Par Ethan Huff : De nouvelles recherches menées en France ont établi que les “vaccins” contre le coronavirus de Wuhan (Covid-19) déclenchent une maladie à prions incurable et mortelle, la maladie de Creutzfeldt-Jakob (MCJ).

Gros plan d’une main dans des gants en nitrile tenant le vaccin covid-19 et préparant la seringue pour l’injection. Concepts de soins de santé, de médecine, de pharmacie et de vaccination

https://www.theepochtimes.com/studies-link-incurable-prion-disease-with-covid-19-vaccine_4511204.html

L’étude a révélé que la forme de MCJ provoquée par les vaccins contre la grippe de Fauci est beaucoup plus agressive et se développe beaucoup plus rapidement que la MCJ traditionnelle, qui, de l’avis général, était rare en soi avant le lancement de l’opération Warp Speed.
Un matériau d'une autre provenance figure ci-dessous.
(* Let $p=\frac12-\varepsilon$ with $0<\varepsilon\le\frac12$, and run Algorithm LB-Search (described in the context) with $r=\frac12-\eta$, where $\eta=\varepsilon/2$. If the reply to each query was erroneous with probability at most $p$, independently, then the algorithm outputs the target vertex with probability at least $1-n^{-3}$.
   Context: Setting: $G=(V,E)$ is a finite simple connected graph with $n$ vertices and an unknown target vertex $v^{*}$. A query on vertex $q$ returns a reply $v$; a correct reply is $v=q$ if $q=v^{*}$, and otherwise a neighbor of $q$ on a shortest path from $q$ to $v^{*}$. A vertex $u$ is consistent (compatible) with reply $v$ to query $q$ if $q=v=u$, or $q\ne v$ and $v$ lies on a shortest path between $u$ and $q$; $N(q,v)$ denotes the set of such $u$. For weights $\omega\colon V\to(0,\infty)$ and $X\subseteq V$ let $\omega(X)=\sum_{u\in X}\omega(u)$, $\Lambda(v)=\max_{u\in N(v)}\omega(N(v,u))$ where $N(v)$ is the neighbor set, and call $q$ $\delta$-close to a median if $\Lambda(q)\le(\frac12+\delta)\omega(V)$. Parameters: it is assumed that $\eta<\frac18$; $r=\frac12-\eta$, $\delta=\eta/4$, $\Gamma=\frac{1}{1-4\eta}$, $\tau=\frac{10\log_2 n}{\eta^2}$. Algorithm LB-Search: set $\omega(v)=1/n$ and a counter $\ell_v=0$ for every $v$. Repeat for $\tau$ steps: let $q$ be any vertex $\delta$-close to a median with respect to current weights; query $q$; for each vertex $u$ not compatible with the reply, set $\omega(u)\gets\omega(u)/\Gamma$ and $\ell_u\gets\ell_u+1$. Finally return a vertex $v$ with the smallest $\ell_v$. *)

theory Defs
  imports "HOL-Probability.Probability"
begin

definition simple_graph :: "'a set \<Rightarrow> ('a \<Rightarrow> 'a \<Rightarrow> bool) \<Rightarrow> bool" where
  "simple_graph V E \<longleftrightarrow> finite V \<and> V \<noteq> {} \<and>
     (\<forall>x y. E x y \<longrightarrow> x \<in> V \<and> y \<in> V) \<and>
     (\<forall>x y. E x y \<longrightarrow> E y x) \<and> (\<forall>x. \<not> E x x)"

definition walk_of_len :: "('a \<Rightarrow> 'a \<Rightarrow> bool) \<Rightarrow> nat \<Rightarrow> 'a \<Rightarrow> 'a \<Rightarrow> bool" where
  "walk_of_len E k u v \<longleftrightarrow> (\<exists>xs. xs \<noteq> [] \<and> hd xs = u \<and> last xs = v \<and>
      length xs = Suc k \<and> successively E xs)"

definition connected_graph :: "'a set \<Rightarrow> ('a \<Rightarrow> 'a \<Rightarrow> bool) \<Rightarrow> bool" where
  "connected_graph V E \<longleftrightarrow> simple_graph V E \<and> (\<forall>u\<in>V. \<forall>v\<in>V. \<exists>k. walk_of_len E k u v)"

definition gdist :: "('a \<Rightarrow> 'a \<Rightarrow> bool) \<Rightarrow> 'a \<Rightarrow> 'a \<Rightarrow> nat" where
  "gdist E u v = (LEAST k. walk_of_len E k u v)"

definition correct_reply :: "('a \<Rightarrow> 'a \<Rightarrow> bool) \<Rightarrow> 'a \<Rightarrow> 'a \<Rightarrow> 'a \<Rightarrow> bool" where
  "correct_reply E t q v \<longleftrightarrow>
     (q = t \<and> v = q) \<or>
     (q \<noteq> t \<and> E q v \<and> Suc (gdist E v t) = gdist E q t)"

definition compatible :: "('a \<Rightarrow> 'a \<Rightarrow> bool) \<Rightarrow> 'a \<Rightarrow> 'a \<Rightarrow> 'a \<Rightarrow> bool" where
  "compatible E u q v \<longleftrightarrow>
     (q = v \<and> v = u) \<or> (q \<noteq> v \<and> gdist E q v + gdist E v u = gdist E q u)"

definition Ncomp :: "'a set \<Rightarrow> ('a \<Rightarrow> 'a \<Rightarrow> bool) \<Rightarrow> 'a \<Rightarrow> 'a \<Rightarrow> 'a set" where
  "Ncomp V E q v = {u \<in> V. compatible E u q v}"

definition wsum :: "('a \<Rightarrow> real) \<Rightarrow> 'a set \<Rightarrow> real" where
  "wsum \<omega> X = (\<Sum>u\<in>X. \<omega> u)"

definition delta_close :: "'a set \<Rightarrow> ('a \<Rightarrow> 'a \<Rightarrow> bool) \<Rightarrow> ('a \<Rightarrow> real) \<Rightarrow> real \<Rightarrow> 'a \<Rightarrow> bool" where
  "delta_close V E \<omega> \<delta> q \<longleftrightarrow> q \<in> V \<and>
     (\<forall>u. E q u \<longrightarrow> wsum \<omega> (Ncomp V E q u) \<le> (1/2 + \<delta>) * wsum \<omega> V)"

text \<open>A history is the list of (query, reply) pairs so far. Counter l_u and weight omega(u).\<close>
definition cnt :: "('a \<Rightarrow> 'a \<Rightarrow> bool) \<Rightarrow> ('a \<times> 'a) list \<Rightarrow> 'a \<Rightarrow> nat" where
  "cnt E h u = length (filter (\<lambda>(q, v). \<not> compatible E u q v) h)"

definition weight :: "'a set \<Rightarrow> ('a \<Rightarrow> 'a \<Rightarrow> bool) \<Rightarrow> real \<Rightarrow> ('a \<times> 'a) list \<Rightarrow> 'a \<Rightarrow> real" where
  "weight V E \<Gamma> h u = (1 / real (card V)) / \<Gamma> ^ cnt E h u"

text \<open>Execution: Q = the algorithm's query choice (from the history),
  cor / err = adversary's choice of correct / erroneous reply (may depend on the
  past error pattern and the query), c t = True iff the reply at step t is erroneous.\<close>
fun run :: "(('a \<times> 'a) list \<Rightarrow> 'a) \<Rightarrow> (bool list \<Rightarrow> 'a \<Rightarrow> 'a) \<Rightarrow> (bool list \<Rightarrow> 'a \<Rightarrow> 'a)
            \<Rightarrow> (nat \<Rightarrow> bool) \<Rightarrow> nat \<Rightarrow> ('a \<times> 'a) list" where
  "run Q cor err c 0 = []"
| "run Q cor err c (Suc t) =
     (let h = run Q cor err c t; q = Q h; bs = map c [0..<t]
      in h @ [(q, if c t then err bs q else cor bs q)])"

end

theory Submission
  imports Defs
begin

(* Track the potential Phi = omega(V - {vstar}) / omega(vstar). If the query q is delta-close to a
   median, every reply v <> q is compatible with at most a 1/2 + delta fraction of the weight: for a
   non-neighbour v, N(q,v) is contained in N(q,w) for the neighbour w of q on a shortest path to v.
   Hence a correct reply penalizes at least a quarter of the weight outside vstar, while an
   erroneous one raises Phi only by a controlled amount. With eta = epsilon/2 the error probability
   is at most 1/2 - 2 eta and the penalty factor is 1 - 4 eta, and together this makes the expected
   potential shrink by the factor 1 - 2 eta^2 per query. By Markov's inequality, after tau queries
   Phi < 1 fails with probability at most (n - 1)(1 - 2 eta^2)^tau <= n^-3; and Phi < 1 means that
   vstar outweighs every other vertex, i.e. has strictly fewer penalties than any of them. *)

section \<open>Walks and graph distance\<close>

lemma walk_of_len_0_iff [simp]: "walk_of_len E 0 u v \<longleftrightarrow> u = v"
proof
  assume "walk_of_len E 0 u v"
  then obtain xs where "hd xs = u" "last xs = v" "length xs = 1"
    unfolding walk_of_len_def by auto
  then show "u = v" by (cases xs) auto
qed (auto simp: walk_of_len_def intro!: exI[of _ "[u]"])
“Les prions sont naturellement présents dans le cerveau et sont généralement inoffensifs, mais lorsqu’ils deviennent malades ou mal repliés, ils affectent les prions voisins qui se déforment également, ce qui entraîne la détérioration du tissu cérébral et la mort”, rapporte The Epoch Times.

“La maladie est incurable car une fois qu’un prion est infecté, il continue à se propager à d’autres prions sans qu’aucun traitement ne soit capable d’arrêter sa progression.”

La plupart des cas de MCJ traditionnelle seraient sporadiques, ce qui signifie qu’une personne la développe sans raison apparente, nous dit-on. De petits sous-ensembles de personnes sont censés l’avoir héritée d’autres membres de leur famille, mais en général, la cause de la MCJ reste un mystère.

Ce n’est pas le cas de la MCJ induite par les injections, qui est définitivement causée par les injections. La première “variante” de Wuhan du virus chinois contient une région prion dans sa protéine de pointe qui a également été utilisée pour développer ce qu’ils appellent des “vaccins”. Et une fois injectées dans une personne, ces protéines spike contenant une région prion interagissent avec les cellules humaines, provoquant la maladie.

“… lorsque l’information génétique de la protéine spike du variant de Wuhan a été transformée en vaccin dans le cadre des vaccins à ARNm et à adénovirus, la région prion a également été incorporée”, révèle encore le Times.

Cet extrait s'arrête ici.